[[ DATA FOR THE TASK, beginning ]]

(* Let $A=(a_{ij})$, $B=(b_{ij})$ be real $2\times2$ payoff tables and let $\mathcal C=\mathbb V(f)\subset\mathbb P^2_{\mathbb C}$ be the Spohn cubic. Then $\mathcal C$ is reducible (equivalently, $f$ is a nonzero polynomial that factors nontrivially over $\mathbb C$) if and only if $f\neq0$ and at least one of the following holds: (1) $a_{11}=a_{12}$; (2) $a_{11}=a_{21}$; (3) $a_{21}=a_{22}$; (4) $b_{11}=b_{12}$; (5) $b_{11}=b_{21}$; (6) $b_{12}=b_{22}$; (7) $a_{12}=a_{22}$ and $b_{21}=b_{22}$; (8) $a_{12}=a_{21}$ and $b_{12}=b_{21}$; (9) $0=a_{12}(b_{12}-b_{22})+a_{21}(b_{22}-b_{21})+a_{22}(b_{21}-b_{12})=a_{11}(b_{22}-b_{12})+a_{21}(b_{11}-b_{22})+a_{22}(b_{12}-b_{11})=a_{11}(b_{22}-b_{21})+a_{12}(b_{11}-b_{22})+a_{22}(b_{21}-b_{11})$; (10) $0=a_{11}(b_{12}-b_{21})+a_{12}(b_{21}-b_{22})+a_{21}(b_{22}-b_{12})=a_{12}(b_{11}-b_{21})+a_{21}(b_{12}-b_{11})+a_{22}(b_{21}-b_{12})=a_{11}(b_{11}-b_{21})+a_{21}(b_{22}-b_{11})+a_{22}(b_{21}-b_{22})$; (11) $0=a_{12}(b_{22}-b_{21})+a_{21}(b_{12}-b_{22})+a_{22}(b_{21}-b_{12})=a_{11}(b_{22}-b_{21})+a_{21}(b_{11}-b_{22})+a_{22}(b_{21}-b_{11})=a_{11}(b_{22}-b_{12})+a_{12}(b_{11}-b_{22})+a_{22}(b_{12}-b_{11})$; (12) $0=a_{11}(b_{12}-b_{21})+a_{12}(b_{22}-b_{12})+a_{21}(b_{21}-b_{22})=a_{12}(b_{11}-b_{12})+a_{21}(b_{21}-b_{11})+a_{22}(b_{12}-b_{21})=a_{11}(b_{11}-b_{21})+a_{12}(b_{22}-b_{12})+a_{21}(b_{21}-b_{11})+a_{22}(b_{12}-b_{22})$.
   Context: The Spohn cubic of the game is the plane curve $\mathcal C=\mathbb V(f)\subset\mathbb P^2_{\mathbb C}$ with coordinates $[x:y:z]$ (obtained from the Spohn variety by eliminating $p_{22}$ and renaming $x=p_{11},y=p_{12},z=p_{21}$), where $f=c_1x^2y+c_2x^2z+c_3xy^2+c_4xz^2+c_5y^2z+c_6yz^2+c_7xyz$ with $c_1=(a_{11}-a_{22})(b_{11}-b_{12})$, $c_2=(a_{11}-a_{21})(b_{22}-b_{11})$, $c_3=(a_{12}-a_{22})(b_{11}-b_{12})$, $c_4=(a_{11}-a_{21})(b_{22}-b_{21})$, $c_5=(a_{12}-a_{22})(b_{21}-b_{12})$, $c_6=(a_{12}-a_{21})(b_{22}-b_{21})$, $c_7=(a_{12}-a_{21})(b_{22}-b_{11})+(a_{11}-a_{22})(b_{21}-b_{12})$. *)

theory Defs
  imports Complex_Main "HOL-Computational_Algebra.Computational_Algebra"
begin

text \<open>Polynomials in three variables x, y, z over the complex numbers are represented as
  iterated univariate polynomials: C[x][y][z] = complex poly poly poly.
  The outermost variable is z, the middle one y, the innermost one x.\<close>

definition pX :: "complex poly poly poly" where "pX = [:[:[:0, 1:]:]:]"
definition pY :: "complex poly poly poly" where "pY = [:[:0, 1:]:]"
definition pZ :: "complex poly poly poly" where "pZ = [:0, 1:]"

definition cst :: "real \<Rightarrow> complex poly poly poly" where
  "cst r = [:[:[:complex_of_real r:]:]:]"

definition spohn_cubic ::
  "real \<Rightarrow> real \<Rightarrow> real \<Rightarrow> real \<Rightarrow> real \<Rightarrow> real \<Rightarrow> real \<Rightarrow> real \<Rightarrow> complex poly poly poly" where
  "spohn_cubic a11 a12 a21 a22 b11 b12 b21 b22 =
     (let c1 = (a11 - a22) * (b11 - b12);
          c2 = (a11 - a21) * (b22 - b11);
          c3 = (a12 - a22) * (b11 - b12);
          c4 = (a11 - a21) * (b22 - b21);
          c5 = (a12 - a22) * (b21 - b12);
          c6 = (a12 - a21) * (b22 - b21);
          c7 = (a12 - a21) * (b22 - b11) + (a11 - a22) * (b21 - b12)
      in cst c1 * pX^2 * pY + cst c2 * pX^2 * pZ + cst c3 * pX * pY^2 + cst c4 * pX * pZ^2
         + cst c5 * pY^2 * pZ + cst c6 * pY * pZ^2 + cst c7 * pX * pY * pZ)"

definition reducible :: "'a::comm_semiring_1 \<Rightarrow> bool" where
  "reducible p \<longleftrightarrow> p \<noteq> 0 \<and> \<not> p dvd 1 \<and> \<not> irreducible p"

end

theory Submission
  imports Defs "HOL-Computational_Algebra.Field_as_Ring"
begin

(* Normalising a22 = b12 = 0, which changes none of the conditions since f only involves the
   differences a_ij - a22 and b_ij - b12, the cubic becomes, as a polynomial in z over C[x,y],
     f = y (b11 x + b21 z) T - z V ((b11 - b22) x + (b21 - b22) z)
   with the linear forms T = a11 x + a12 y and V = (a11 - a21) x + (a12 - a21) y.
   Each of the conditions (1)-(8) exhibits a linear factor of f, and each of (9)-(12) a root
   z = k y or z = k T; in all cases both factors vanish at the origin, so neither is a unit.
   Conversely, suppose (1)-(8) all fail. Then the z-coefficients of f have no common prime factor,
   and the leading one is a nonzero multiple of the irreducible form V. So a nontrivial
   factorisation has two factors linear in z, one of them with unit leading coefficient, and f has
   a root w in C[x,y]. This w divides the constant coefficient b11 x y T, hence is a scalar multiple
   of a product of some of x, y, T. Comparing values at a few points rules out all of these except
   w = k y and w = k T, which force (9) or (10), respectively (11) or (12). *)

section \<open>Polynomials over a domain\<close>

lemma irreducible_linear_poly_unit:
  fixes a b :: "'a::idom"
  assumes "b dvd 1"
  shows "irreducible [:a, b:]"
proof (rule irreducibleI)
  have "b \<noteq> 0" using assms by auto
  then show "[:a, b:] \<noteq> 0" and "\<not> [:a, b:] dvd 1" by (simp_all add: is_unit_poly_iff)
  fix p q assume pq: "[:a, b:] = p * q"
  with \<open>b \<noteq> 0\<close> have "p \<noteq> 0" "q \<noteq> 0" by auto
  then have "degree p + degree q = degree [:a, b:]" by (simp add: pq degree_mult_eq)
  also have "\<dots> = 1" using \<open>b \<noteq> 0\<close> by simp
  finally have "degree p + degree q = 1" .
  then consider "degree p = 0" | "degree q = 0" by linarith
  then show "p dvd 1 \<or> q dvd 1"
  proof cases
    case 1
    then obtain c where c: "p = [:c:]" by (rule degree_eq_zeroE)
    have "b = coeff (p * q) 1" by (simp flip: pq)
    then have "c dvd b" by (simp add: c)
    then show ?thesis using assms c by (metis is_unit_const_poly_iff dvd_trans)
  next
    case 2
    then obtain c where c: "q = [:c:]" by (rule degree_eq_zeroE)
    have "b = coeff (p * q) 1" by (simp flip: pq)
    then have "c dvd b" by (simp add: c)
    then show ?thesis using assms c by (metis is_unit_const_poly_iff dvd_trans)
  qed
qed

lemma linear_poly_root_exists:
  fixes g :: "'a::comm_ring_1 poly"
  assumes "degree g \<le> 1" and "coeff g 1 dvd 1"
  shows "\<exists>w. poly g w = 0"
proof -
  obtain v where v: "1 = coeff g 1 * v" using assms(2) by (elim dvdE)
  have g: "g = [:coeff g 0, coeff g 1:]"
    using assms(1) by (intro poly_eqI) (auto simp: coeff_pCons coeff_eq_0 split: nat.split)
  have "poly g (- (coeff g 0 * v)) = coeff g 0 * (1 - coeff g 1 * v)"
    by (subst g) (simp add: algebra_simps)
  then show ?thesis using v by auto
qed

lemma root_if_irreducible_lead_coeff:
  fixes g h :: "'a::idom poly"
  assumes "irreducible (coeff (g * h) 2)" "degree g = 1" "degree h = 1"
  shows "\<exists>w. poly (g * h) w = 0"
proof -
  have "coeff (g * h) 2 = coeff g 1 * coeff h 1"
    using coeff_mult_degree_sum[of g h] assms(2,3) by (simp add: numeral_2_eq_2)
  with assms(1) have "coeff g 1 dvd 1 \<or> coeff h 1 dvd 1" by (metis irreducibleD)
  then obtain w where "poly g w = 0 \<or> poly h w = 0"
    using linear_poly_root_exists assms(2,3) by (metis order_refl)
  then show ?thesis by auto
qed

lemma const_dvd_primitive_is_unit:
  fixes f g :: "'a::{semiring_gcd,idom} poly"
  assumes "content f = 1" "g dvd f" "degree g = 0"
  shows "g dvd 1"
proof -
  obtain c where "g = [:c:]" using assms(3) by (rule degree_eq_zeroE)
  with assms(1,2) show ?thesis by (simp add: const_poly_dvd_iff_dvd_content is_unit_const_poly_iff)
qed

[[ DATA FOR THE TASK, end ]]

ASSIGNMENT: Look back at the entries above and repeat, unchanged, every line from the line holding "Each of the" through the line holding "Conversely, suppose (1)-(8)".

RESPONSE TO THE EXERCISE:
   Each of the conditions (1)-(8) exhibits a linear factor of f, and each of (9)-(12) a root
   z = k y or z = k T; in all cases both factors vanish at the origin, so neither is a unit.
   Conversely, suppose (1)-(8) all fail. Then the z-coefficients of f have no common prime factor,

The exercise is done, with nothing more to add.